Standard Chartered on Thursday restored its dividend and reaffirmed its long-term profit goals, in a show of confidence about its ability to recover from the impact of the Covid-19 pandemic even as its annual profit more than halved.

StanChart, noted however, that overall income in 2021 is likely to be similar to 2020’s because of the impact of global interest rate cuts for the first half of this year.

The London-headquartered lender, which earns the bulk of its revenue in Asia, said it would return capital to investors via a 9 cents per share dividend and $254 million buyback, with the total payout being the maximum permitted under temporary ‘guardrails’ set by the Bank of England.

The central bank last year told Britain’s largest lenders to suspend dividend payments and share buybacks for 2020 to help them maintain capital buffers against an expected hit to loan books from the pandemic.

“Having now resumed it, we expect to be able to increase the full-year dividend per share over time as we execute our strategy and progress towards a 10% return on tangible equity,” Jose Vinals, Standard Chartered’s chairman, said in the exchange filing.

The bank also said its return on tangible equity, a key profit metric, would climb from 3 per cent to 7 per cent by 2023.

StanChart’s Hong Kong listed shares fell as much as 1.9 per cent after the results were published.

Higher Bad Loans

StanChart posted a 57 per cent fall in annual profit for 2020, missing analyst estimates, on higher credit impairments due to the Covid-19 pandemic.

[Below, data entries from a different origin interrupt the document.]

(* Let $G$ be the graph defined in the context. Then $G$ does not contain an induced subgraph isomorphic to $P_6$.
   Context: $P_n$ denotes the path on $n$ vertices. Let $\mathbb{F}=\mathbb{F}_2[\alpha]/(\alpha^4+\alpha+1)$ be the field with 16 elements. Let $S=\{x^3: x\in\mathbb{F}^\times\}=\{1,\alpha^3,\alpha^2+\alpha^3,\alpha+\alpha^3,1+\alpha+\alpha^2+\alpha^3\}$ be the set of nonzero cubes. Let $G$ be the graph with vertex set $\mathbb{F}$ in which distinct $x,y$ are adjacent if and only if $x-y\in S$. *)

theory Defs
  imports Main "HOL-Library.Z2" "HOL-Computational_Algebra.Polynomial"
begin

text \<open>The field F = F_2[alpha]/(alpha^4+alpha+1), represented by the reduced
  polynomials over F_2 (type bit) of degree < 4; arithmetic is polynomial
  arithmetic followed by reduction modulo alpha^4+alpha+1.\<close>

definition gf_mod :: "bit poly" where
  "gf_mod = [:1, 1, 0, 0, 1:]"

definition gf16 :: "bit poly set" where
  "gf16 = {p. p = p mod gf_mod}"

definition gf_mult :: "bit poly \<Rightarrow> bit poly \<Rightarrow> bit poly" where
  "gf_mult p q = (p * q) mod gf_mod"

definition gf_sub :: "bit poly \<Rightarrow> bit poly \<Rightarrow> bit poly" where
  "gf_sub p q = (p - q) mod gf_mod"

definition cubes :: "bit poly set" where
  "cubes = {gf_mult x (gf_mult x x) | x. x \<in> gf16 \<and> x \<noteq> 0}"

definition G_adj :: "bit poly \<Rightarrow> bit poly \<Rightarrow> bool" where
  "G_adj x y \<longleftrightarrow> x \<noteq> y \<and> gf_sub x y \<in> cubes"

definition has_induced_path :: "'a set \<Rightarrow> ('a \<Rightarrow> 'a \<Rightarrow> bool) \<Rightarrow> nat \<Rightarrow> bool" where
  "has_induced_path V E n \<longleftrightarrow>
     (\<exists>vs. length vs = n \<and> distinct vs \<and> set vs \<subseteq> V \<and>
        (\<forall>i<n. \<forall>j<n. E (vs ! i) (vs ! j) \<longleftrightarrow> (i = Suc j \<or> j = Suc i)))"

end

theory Submission
  imports Defs
begin

text \<open>Viewed additively, the field is F_2^4 and G is the Cayley graph of F_2^4 with
  connection set S. The five elements of S sum to 0, so any four distinct elements of S
  add up to the fifth. Along an induced path v_0, ..., v_5 with steps s_i = v_i - v_(i-1)
  in S, the absence of chords of span 3 forces s_i, s_(i+1), s_(i+2) to be distinct,
  and the absence of chords of span 4 then forces s_i = s_(i+3). Hence the steps read
  s_1 s_2 s_3 s_1 s_2, and v_5 - v_0 = s_3 is in S: a chord of span 5.\<close>

lemma four_sum_mem_of_card_5_sum_0:
  fixes S :: "'a::ab_group_add set"
  assumes char2: "\<And>x::'a. x + x = 0" and card: "card S = 5" and sum0: "\<Sum>S = 0"
    and in_S: "a \<in> S" "b \<in> S" "c \<in> S" "d \<in> S" and dist: "distinct [a, b, c, d]"
  shows "a + b + c + d \<in> S"
proof -
  have "card (S - {a, b, c, d}) = 1"
    using card in_S dist by (simp add: card_Diff_subset)
  then obtain e where e: "S - {a, b, c, d} = {e}" by (auto simp: card_1_singleton_iff)
  then have S: "S = {a, b, c, d, e}" and "e \<notin> {a, b, c, d}" using in_S by auto
  then have "\<Sum>S = a + b + c + d + e" using dist by (auto simp: add.assoc)
  then have "a + b + c + d + e = 0" using sum0 by simp
  then have "a + b + c + d = e" using char2[of e] by (metis add_right_imp_eq)
  then show ?thesis using S by simp
qed

lemma five_step_walk_has_long_chord:
  fixes S :: "'a::ab_group_add set" and v :: "nat \<Rightarrow> 'a"
  assumes char2: "\<And>x::'a. x + x = 0"
    and four_sums: "\<And>a b c d. \<lbrakk>a \<in> S; b \<in> S; c \<in> S; d \<in> S; distinct [a, b, c, d]\<rbrakk>
                      \<Longrightarrow> a + b + c + d \<in> S"
    and steps: "v 1 - v 0 \<in> S" "v 2 - v 1 \<in> S" "v 3 - v 2 \<in> S" "v 4 - v 3 \<in> S" "v 5 - v 4 \<in> S"
    and no_return: "v 2 \<noteq> v 0" "v 3 \<noteq> v 1" "v 4 \<noteq> v 2" "v 5 \<noteq> v 3"
    and no_chords: "v 3 - v 0 \<notin> S" "v 4 - v 1 \<notin> S" "v 5 - v 2 \<notin> S"
                   "v 4 - v 0 \<notin> S" "v 5 - v 1 \<notin> S"
  shows "v 5 - v 0 \<in> S"
proof -
  have cancel: "x + (x + y) = y" for x y :: 'a
    by (metis add.assoc add_0 char2)
  define s1 s2 s3 s4 s5 where
    "s1 = v 1 - v 0" "s2 = v 2 - v 1" "s3 = v 3 - v 2" "s4 = v 4 - v 3" "s5 = v 5 - v 4"
  note s_defs = s1_s2_s3_s4_s5_def
  have s_in: "s1 \<in> S" "s2 \<in> S" "s3 \<in> S" "s4 \<in> S" "s5 \<in> S"
    using steps by (simp_all add: s_defs)
  have consecutive: "s1 \<noteq> s2" "s2 \<noteq> s3" "s3 \<noteq> s4" "s4 \<noteq> s5"
  proof -
    have "s1 + s2 = v 2 - v 0" "s2 + s3 = v 3 - v 1" "s3 + s4 = v 4 - v 2" "s4 + s5 = v 5 - v 3"
      by (simp_all add: s_defs)
    then show "s1 \<noteq> s2" "s2 \<noteq> s3" "s3 \<noteq> s4" "s4 \<noteq> s5"
      using no_return char2 by auto
  qed
  have two_apart: "s1 \<noteq> s3" "s2 \<noteq> s4" "s3 \<noteq> s5"
  proof -
    have "s1 + s2 + s3 = v 3 - v 0" "s2 + s3 + s4 = v 4 - v 1" "s3 + s4 + s5 = v 5 - v 2"
      by (simp_all add: s_defs)
    moreover have "x + y + x = y" for x y :: 'a
      by (simp add: algebra_simps cancel)
    ultimately show "s1 \<noteq> s3" "s2 \<noteq> s4" "s3 \<noteq> s5"
      using no_chords(1-3) s_in by metis+
  qed
  have three_apart: "s1 = s4" "s2 = s5"
  proof -
    have "s1 + s2 + s3 + s4 = v 4 - v 0" "s2 + s3 + s4 + s5 = v 5 - v 1"
      by (simp_all add: s_defs)
    then show "s1 = s4" "s2 = s5"
      using no_chords(4,5) four_sums[of s1 s2 s3 s4] four_sums[of s2 s3 s4 s5]
        s_in consecutive two_apart by auto
  qed
  have "v 5 - v 0 = s1 + s2 + s3 + s4 + s5"
    by (simp add: s_defs)
  also have "\<dots> = s3"
    using three_apart by (simp add: algebra_simps cancel char2)
  finally show ?thesis
    using s_in(3) by simp
qed

lemma cayley_graph_no_induced_P6:
  fixes S :: "'a::ab_group_add set"
  assumes char2: "\<And>x::'a. x + x = 0"
    and four_sums: "\<And>a b c d. \<lbrakk>a \<in> S; b \<in> S; c \<in> S; d \<in> S; distinct [a, b, c, d]\<rbrakk>
                      \<Longrightarrow> a + b + c + d \<in> S"
  shows "\<not> has_induced_path V (\<lambda>x y. x \<noteq> y \<and> x - y \<in> S) 6"
proof
  assume "has_induced_path V (\<lambda>x y. x \<noteq> y \<and> x - y \<in> S) 6"
  then obtain vs where len: "length vs = 6" and dist: "distinct vs"
    and adj: "\<forall>i<6. \<forall>j<6. (vs ! i \<noteq> vs ! j \<and> vs ! i - vs ! j \<in> S) \<longleftrightarrow> (i = Suc j \<or> j = Suc i)"
    unfolding has_induced_path_def by blast
  have chord_iff: "vs ! i - vs ! j \<in> S \<longleftrightarrow> i = Suc j" if "j < i" "i < 6" for j i
  proof -
    have "vs ! i \<noteq> vs ! j" using dist len that by (simp add: nth_eq_iff_index_eq)
    with adj[rule_format, of i j] that show ?thesis by auto
  qed
  have "vs ! 5 - vs ! 0 \<in> S"
  proof (rule five_step_walk_has_long_chord[OF char2 four_sums, where v = "(!) vs"])
  qed (use chord_iff[of 0 1] chord_iff[of 1 2] chord_iff[of 2 3] chord_iff[of 3 4]
         chord_iff[of 4 5] chord_iff[of 0 3] chord_iff[of 1 4] chord_iff[of 2 5]
         chord_iff[of 0 4] chord_iff[of 1 5] dist len
       in \<open>simp_all add: nth_eq_iff_index_eq\<close>)
  then show False
    using chord_iff[of 0 5] by simp
qed

lemma has_induced_path_cong:
  assumes "\<And>x y. x \<in> V \<Longrightarrow> y \<in> V \<Longrightarrow> E x y \<longleftrightarrow> E' x y"
  shows "has_induced_path V E n \<longleftrightarrow> has_induced_path V E' n"
  unfolding has_induced_path_def
  by (intro ex_cong1 conj_cong refl) (auto simp: assms subset_iff)

lemma mod_eq_self_iff_degree_less:
  fixes p q :: "'a::field poly"
  assumes "q \<noteq> 0"
  shows "p mod q = p \<longleftrightarrow> p = 0 \<or> degree p < degree q"
  using degree_mod_less[OF assms, of p] mod_poly_less[of p q] by auto

lemma gf16_eq_degree_less: "gf16 = {p. degree p < 4}"
proof -
  have "p = p mod gf_mod \<longleftrightarrow> degree p < 4" for p
    using mod_eq_self_iff_degree_less[of gf_mod p] by (auto simp: gf_mod_def)
  then show ?thesis by (simp add: gf16_def)
qed

lemma gf_sub_eq_diff: "x \<in> gf16 \<Longrightarrow> y \<in> gf16 \<Longrightarrow> gf_sub x y = x - y"
  using degree_diff_le_max[of x y]
  by (auto simp: gf_sub_def gf16_eq_degree_less gf_mod_def intro!: mod_poly_less)

lemma bit_poly_add_self: "(p::bit poly) + p = 0"
  by (rule poly_eqI) (simp only: coeff_add, simp)

lemma degree_less_4_eq: "{p::'a::zero poly. degree p < 4} = {[:a, b, c, d:] | a b c d. True}"
proof -
  have "p = [:coeff p 0, coeff p 1, coeff p 2, coeff p 3:]" if "degree p < 4" for p :: "'a poly"
    using that by (intro poly_eqI) (auto simp: coeff_pCons coeff_eq_0 eval_nat_numeral split: nat.splits)
  moreover have "degree [:a, b, c, d:] < 4" for a b c d :: 'a
    by (intro le_less_trans[OF degree_pCons_le]) (auto intro: le_less_trans[OF degree_pCons_le])
  ultimately show ?thesis by blast
qed

lemma cubes_eq: "cubes = {1, [:0, 0, 0, 1:], [:0, 0, 1, 1:], [:0, 1, 0, 1:], [:1, 1, 1, 1:]}"
proof -
  have "gf16 = set [[:a, b, c, d:]. a \<leftarrow> [0, 1], b \<leftarrow> [0, 1], c \<leftarrow> [0, 1], d \<leftarrow> [0::bit, 1]]"
    unfolding gf16_eq_degree_less degree_less_4_eq by (auto simp: bit_not_one_iff)
  then have "cubes = (\<lambda>x. gf_mult x (gf_mult x x)) `
      (set [[:a, b, c, d:]. a \<leftarrow> [0, 1], b \<leftarrow> [0, 1], c \<leftarrow> [0, 1], d \<leftarrow> [0::bit, 1]] - {0})"
    unfolding cubes_def by auto
  also have "\<dots> = {1, [:0, 0, 0, 1:], [:0, 0, 1, 1:], [:0, 1, 0, 1:], [:1, 1, 1, 1:]}"
    unfolding gf_mult_def gf_mod_def by code_simp
  finally show ?thesis .
qed

lemma card_cubes: "card cubes = 5"
  unfolding cubes_eq by code_simp

lemma sum_cubes: "\<Sum>cubes = 0"
  unfolding cubes_eq by code_simp

theorem claim1:
  shows "\<not> has_induced_path gf16 G_adj 6"
proof -
  have "has_induced_path gf16 G_adj 6 \<longleftrightarrow>
        has_induced_path gf16 (\<lambda>x y. x \<noteq> y \<and> x - y \<in> cubes) 6"
    by (rule has_induced_path_cong) (simp add: G_adj_def gf_sub_eq_diff)
  moreover have "\<not> has_induced_path gf16 (\<lambda>x y. x \<noteq> y \<and> x - y \<in> cubes) 6"
    using four_sum_mem_of_card_5_sum_0[OF bit_poly_add_self card_cubes sum_cubes]
    by (rule cayley_graph_no_induced_P6[OF bit_poly_add_self])
  ultimately show ?thesis by simp
qed

end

Its pretax profit was $1.61 billion, compared with $3.71 billion in 2019 and the $1.85 billion average of analyst forecasts compiled by the bank.

Credit impairments last year more than doubled compared with a year earlier to $2.3 billion because of the pandemic, the bank said, but noted that two thirds of these charges were taken in the first half of the year.

However, in common with US and European peers, StanChart saw strong performance from its investment bank, as pandemic-related market volatility in 2020 drove frenzied trading.

Income in its financial markets division rose 18 per cent, driven by a 53 per cent increase in income from trading interest rate-related products.